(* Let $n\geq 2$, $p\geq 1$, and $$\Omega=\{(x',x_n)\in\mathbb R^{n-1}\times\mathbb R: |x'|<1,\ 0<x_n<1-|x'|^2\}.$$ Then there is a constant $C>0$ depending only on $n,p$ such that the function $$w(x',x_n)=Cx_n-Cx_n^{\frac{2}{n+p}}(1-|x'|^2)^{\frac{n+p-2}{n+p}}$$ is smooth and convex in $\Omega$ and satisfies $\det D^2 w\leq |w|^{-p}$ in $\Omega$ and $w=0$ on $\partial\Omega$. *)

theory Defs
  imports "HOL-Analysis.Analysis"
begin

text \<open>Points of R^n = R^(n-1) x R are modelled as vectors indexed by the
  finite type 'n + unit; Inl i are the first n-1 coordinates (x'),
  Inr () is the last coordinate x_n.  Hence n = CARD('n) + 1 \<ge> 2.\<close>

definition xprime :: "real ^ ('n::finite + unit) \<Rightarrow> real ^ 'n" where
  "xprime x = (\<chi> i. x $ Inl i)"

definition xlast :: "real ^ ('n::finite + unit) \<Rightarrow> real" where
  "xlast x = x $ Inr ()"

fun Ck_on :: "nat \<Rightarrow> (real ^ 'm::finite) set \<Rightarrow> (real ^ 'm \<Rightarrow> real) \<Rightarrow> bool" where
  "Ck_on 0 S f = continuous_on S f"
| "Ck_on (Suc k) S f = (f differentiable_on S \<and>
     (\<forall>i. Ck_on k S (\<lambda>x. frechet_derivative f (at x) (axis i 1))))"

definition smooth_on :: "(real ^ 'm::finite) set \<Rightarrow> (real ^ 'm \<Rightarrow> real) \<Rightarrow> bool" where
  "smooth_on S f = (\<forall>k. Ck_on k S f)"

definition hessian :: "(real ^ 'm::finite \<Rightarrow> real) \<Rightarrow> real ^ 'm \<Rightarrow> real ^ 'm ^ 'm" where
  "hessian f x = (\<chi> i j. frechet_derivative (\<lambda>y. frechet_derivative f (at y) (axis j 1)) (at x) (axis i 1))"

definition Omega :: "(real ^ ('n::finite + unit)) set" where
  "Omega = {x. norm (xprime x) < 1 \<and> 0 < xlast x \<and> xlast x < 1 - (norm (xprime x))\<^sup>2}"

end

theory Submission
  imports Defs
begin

::::

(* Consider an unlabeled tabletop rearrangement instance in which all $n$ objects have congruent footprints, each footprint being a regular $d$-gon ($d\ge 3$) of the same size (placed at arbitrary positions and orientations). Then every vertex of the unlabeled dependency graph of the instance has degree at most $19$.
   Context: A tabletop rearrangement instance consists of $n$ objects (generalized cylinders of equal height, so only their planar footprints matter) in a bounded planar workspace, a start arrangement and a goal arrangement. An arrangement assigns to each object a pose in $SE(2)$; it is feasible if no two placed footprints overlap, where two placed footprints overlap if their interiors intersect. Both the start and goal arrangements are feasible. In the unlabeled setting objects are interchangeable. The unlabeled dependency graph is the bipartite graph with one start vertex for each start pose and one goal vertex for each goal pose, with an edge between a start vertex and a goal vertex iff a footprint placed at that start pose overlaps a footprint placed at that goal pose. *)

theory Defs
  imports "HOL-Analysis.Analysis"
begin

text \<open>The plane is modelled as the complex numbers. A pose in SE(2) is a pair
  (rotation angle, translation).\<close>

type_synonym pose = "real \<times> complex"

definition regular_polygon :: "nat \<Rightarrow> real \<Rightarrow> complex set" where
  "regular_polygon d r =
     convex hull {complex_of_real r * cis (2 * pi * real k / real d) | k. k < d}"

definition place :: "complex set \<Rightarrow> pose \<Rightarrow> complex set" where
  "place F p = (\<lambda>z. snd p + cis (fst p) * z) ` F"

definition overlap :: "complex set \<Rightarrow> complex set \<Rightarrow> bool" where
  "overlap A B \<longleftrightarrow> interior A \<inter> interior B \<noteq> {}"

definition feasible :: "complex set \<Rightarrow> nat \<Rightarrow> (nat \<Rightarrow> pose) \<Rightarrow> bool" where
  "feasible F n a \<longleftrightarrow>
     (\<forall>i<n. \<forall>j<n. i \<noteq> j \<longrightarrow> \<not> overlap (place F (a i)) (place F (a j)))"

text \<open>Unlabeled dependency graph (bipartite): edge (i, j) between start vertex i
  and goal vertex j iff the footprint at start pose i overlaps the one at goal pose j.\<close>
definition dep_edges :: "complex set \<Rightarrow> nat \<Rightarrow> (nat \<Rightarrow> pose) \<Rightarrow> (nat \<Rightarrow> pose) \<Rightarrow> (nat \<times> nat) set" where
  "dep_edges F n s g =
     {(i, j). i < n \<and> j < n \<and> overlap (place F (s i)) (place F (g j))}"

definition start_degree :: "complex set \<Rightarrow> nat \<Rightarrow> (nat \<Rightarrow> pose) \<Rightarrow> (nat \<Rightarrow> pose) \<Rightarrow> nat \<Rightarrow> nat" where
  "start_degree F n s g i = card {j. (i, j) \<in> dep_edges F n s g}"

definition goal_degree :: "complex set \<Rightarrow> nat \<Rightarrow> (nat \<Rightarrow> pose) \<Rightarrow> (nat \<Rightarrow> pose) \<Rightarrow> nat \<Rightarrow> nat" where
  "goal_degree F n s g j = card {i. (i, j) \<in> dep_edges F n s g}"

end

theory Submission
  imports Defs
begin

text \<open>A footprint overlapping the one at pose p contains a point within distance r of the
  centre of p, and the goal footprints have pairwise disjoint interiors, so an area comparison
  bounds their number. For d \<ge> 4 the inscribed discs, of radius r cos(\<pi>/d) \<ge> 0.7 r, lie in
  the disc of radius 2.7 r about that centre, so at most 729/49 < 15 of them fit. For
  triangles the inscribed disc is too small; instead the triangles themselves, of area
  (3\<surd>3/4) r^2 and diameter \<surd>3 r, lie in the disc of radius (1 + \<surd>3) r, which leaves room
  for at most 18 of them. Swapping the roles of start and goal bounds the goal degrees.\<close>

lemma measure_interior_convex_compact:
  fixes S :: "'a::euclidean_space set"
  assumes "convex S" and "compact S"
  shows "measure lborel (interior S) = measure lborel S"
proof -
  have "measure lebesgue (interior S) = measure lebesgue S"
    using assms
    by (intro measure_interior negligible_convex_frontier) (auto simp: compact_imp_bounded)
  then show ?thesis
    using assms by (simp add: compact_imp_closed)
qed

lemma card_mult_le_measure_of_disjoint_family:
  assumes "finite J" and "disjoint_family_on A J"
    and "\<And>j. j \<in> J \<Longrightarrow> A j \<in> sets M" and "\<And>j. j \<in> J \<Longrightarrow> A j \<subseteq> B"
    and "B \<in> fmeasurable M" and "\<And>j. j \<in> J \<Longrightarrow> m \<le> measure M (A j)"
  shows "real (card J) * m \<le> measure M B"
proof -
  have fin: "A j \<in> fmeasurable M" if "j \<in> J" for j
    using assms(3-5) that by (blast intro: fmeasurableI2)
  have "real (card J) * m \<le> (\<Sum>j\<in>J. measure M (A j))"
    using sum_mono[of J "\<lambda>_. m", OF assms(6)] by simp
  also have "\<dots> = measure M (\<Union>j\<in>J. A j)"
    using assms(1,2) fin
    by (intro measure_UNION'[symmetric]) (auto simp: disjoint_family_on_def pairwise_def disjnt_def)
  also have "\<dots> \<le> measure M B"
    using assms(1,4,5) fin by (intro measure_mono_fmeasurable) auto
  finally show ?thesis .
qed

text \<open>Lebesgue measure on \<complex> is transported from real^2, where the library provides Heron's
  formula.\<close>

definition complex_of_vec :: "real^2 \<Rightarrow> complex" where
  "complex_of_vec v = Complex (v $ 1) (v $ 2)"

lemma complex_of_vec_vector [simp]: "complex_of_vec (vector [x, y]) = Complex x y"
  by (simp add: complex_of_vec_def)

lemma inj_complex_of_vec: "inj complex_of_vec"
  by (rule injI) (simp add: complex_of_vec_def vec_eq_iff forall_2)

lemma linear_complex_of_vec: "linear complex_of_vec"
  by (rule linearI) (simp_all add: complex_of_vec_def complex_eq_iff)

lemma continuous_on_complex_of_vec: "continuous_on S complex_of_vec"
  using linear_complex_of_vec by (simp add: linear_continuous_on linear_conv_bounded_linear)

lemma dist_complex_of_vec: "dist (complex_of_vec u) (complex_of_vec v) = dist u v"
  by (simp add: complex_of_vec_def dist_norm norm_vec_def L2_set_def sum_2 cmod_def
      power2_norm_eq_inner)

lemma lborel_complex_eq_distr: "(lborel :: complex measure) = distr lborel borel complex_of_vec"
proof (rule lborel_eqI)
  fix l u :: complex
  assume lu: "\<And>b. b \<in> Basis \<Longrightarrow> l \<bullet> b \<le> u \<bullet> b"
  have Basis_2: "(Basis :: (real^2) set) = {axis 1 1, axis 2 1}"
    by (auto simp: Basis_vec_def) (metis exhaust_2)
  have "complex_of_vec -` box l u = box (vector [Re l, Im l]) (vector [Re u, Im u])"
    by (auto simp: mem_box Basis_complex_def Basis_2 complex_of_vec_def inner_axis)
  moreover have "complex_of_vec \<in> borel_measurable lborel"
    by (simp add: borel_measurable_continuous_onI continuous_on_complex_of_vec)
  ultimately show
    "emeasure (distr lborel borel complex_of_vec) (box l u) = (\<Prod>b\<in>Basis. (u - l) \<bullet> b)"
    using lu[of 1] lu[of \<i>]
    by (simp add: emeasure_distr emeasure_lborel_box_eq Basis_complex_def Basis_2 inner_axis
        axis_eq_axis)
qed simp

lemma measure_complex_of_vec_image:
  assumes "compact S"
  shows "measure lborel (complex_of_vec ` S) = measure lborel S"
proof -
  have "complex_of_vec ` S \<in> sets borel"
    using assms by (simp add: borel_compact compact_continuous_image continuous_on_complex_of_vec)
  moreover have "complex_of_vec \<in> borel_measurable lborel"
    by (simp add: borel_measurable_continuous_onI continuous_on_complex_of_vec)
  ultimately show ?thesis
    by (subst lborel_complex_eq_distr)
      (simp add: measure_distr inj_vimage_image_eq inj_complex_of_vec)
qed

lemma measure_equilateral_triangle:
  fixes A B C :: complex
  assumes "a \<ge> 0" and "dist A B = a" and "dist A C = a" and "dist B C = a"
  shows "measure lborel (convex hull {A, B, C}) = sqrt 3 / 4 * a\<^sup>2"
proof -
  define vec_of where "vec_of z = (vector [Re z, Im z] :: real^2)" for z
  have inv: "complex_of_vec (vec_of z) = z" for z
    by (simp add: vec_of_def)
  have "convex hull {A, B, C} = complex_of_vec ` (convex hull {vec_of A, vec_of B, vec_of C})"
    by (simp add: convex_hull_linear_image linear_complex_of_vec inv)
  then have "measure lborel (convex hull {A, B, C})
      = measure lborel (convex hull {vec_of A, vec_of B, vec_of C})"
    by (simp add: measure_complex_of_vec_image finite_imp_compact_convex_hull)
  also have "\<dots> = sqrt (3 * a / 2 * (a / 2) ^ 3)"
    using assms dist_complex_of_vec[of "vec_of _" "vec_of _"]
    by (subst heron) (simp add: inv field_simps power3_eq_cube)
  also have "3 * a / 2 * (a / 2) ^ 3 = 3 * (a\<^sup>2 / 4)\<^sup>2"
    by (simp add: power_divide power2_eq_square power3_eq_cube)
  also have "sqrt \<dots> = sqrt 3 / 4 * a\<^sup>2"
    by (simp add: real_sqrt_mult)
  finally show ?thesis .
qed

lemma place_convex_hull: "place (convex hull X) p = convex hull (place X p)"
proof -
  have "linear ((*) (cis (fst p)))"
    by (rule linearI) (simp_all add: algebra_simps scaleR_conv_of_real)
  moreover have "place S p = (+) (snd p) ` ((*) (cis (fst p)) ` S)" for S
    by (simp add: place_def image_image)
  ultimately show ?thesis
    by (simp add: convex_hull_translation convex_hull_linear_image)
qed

::::

_Problem statement_
From the records above, transcribe exactly the run of lines that opens with the line holding "(\<chi> i j." and closes with the line holding "('n::finite + unit))", both included.

_Answer to this exercise_
  "hessian f x = (\<chi> i j. frechet_derivative (\<lambda>y. frechet_derivative f (at y) (axis j 1)) (at x) (axis i 1))"

definition Omega :: "(real ^ ('n::finite + unit)) set" where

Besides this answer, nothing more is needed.